The Locomotion.sav data set is treated separately due to the different frequency with which physical measurements are recorded. While most of the health data in the HRS is collected every two years, the physical activity data is only reported every four years. This distinction is important for accurately modeling and analyzing the progression of intrinsic capacity over time
The CODE/ML-DL Implementations (Study 2 - Prediction Models) directory contains Jupyter notebooks implementing several machine learning and deep learning models for predicting intrinsic capacity domains. Each notebook corresponds to a specific modeling technique.
-
Set up your environment
- Use a Python environment with the required libraries. Recommended: Python ≥ 3.8, with JupyterLab or Google Colab.
- Required packages include:
pandas,numpy,scikit-learn,tensorflow,matplotlib,lime.
-
Prepare the dataset
- Ensure the data file
DATOS_OBSERVACION_VAR_NOTNULL2010-2022_TRANSFORM_ENCODED.csvis placed in theDATA/directory. - All notebooks automatically reference this preprocessed file.
- Ensure the data file
-
Select the notebook corresponding to the model
-
Navigate to the folder:
CODE/ML-DL Implementations (Study 2 - Prediction Models) -
Available notebooks:
Model Type Notebook File LSTM Multitask LSTM_MULTITASK.ipynbLSTM Single-task LSTM_SINGLE_TASK.ipynbRandom Forest (RF) RF_MULTITASK.ipynbSupport Vector Machine (SVM) SVM_MULTITASK.ipynbMultilayer Perceptron (MLP) MLP_MULTITASK.ipynb
-
-
Open and run the notebook
- You can use Jupyter Notebook, JupyterLab, or Google Colab.
- Each notebook:
- Loads and preprocesses the data.
- Constructs input sequences.
- Trains the model.
- Evaluates MAE and other metrics per IC domain.
-
Interpret model predictions
- Use
splime analysis.ipynbto generate local explanations of predictions made by the LSTM model. - The
random forest model characteristics.ipynbnotebook also provides global feature importance across domains.
- Use
- All data were derived from the Health and Retirement Study (HRS).

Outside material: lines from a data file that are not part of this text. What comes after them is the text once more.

theorem mainTheorem4:
  fixes lam r n k :: nat and Bs :: "nat set list" and pl :: "nat \<Rightarrow> nat \<Rightarrow> nat"
  assumes design: "is_bibd lam r n Bs"
    and kn: "k \<le> n"
    and placement: "\<forall>j < length Bs. bij_betw (pl j) {..<r} (Bs!j)"
  defines "N \<equiv> length Bs"
    and "T \<equiv> T_max n k Bs"
    and "M \<equiv> (r - 1) * length Bs - T_max n k Bs"
    and "q \<equiv> card (UNIV :: 'a set)"
  shows "real (card {S :: 'a::{finite,field} mat. S \<in> carrier_mat T M \<and>
            (\<exists>A. A \<subseteq> {1..n} \<and> card A = n - k \<and>
               vec_space.rank (r * N) (Q_mat r Bs pl A * gen_mat ((r - 1) * N) M S) < M)})
         \<le> (real (n choose k) * real T * real M / real q) * real q ^ (T * M)
       \<and> (real q > real (n choose k) * real T * real M \<longrightarrow>
           (\<exists>S :: 'a mat. S \<in> carrier_mat T M \<and>
              (\<forall>A. A \<subseteq> {1..n} \<and> card A = n - k \<longrightarrow>
                 vec_space.rank (r * N) (Q_mat r Bs pl A * gen_mat ((r - 1) * N) M S) = M)))"
proof -
  let ?bad = "{S :: 'a mat. S \<in> carrier_mat T M \<and>
            (\<exists>A. A \<subseteq> {1..n} \<and> card A = n - k \<and>
               vec_space.rank (r * N) (Q_mat r Bs pl A * gen_mat ((r - 1) * N) M S) < M)}"
  have q: "0 < q" unfolding q_def by simp
  have count: "q * card ?bad \<le> (n choose k) * T * M * q ^ (T * M)"
    using card_low_rank_some_erasure[OF kn placement] unfolding q_def T_def M_def N_def .
  show ?thesis
  proof (intro conjI impI)
    have "real (card ?bad) * real q \<le> real (n choose k) * real T * real M * real q ^ (T * M)"
      using of_nat_mono[OF count] by (simp only: of_nat_mult of_nat_power mult.commute)
    then have "real (card ?bad) \<le> real (n choose k) * real T * real M * real q ^ (T * M) / real q"
      using q by (simp add: pos_le_divide_eq)
    then show "real (card ?bad) \<le> (real (n choose k) * real T * real M / real q) * real q ^ (T * M)"
      by (simp only: times_divide_eq_left)
  next
    assume "real (n choose k) * real T * real M < real q"
    then have "(n choose k) * T * M < q" by (simp flip: of_nat_mult)
    with count obtain S where S: "S \<in> carrier_mat T M" "S \<notin> ?bad"
      unfolding q_def by (rule exists_carrier_mat_not_in) blast
    show "\<exists>S :: 'a mat. S \<in> carrier_mat T M \<and> (\<forall>A. A \<subseteq> {1..n} \<and> card A = n - k \<longrightarrow>
        vec_space.rank (r * N) (Q_mat r Bs pl A * gen_mat ((r - 1) * N) M S) = M)"
    proof (intro exI[of _ S] conjI allI impI)
      fix A assume "A \<subseteq> {1..n} \<and> card A = n - k"
      moreover have "vec_space.rank (r * N) (Q_mat r Bs pl A * gen_mat ((r - 1) * N) M S) \<le> M"
        unfolding N_def by (intro vec_space.rank_le_nc mult_carrier_mat[OF Q_mat_carrier gen_mat_carrier])
      ultimately show "vec_space.rank (r * N) (Q_mat r Bs pl A * gen_mat ((r - 1) * N) M S) = M"
        using S by auto
    qed (rule S(1))
  qed
qed
end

- The use of these files complies with ethical guidelines for secondary data analysis.
- Raw data access is managed by the University of Michigan.
This repository contains all the necessary data, codes and results to support the study of intrinsic capacity and its evolution with age according to the ICOPE framework. You can use the provided SPSS syntax files to perform the analysis for different IC domains and assess how lifestyle and socio-demographic factors influence the ageing trajectory. The code for machine learning and deep learning models to predict IC trajectories is also included.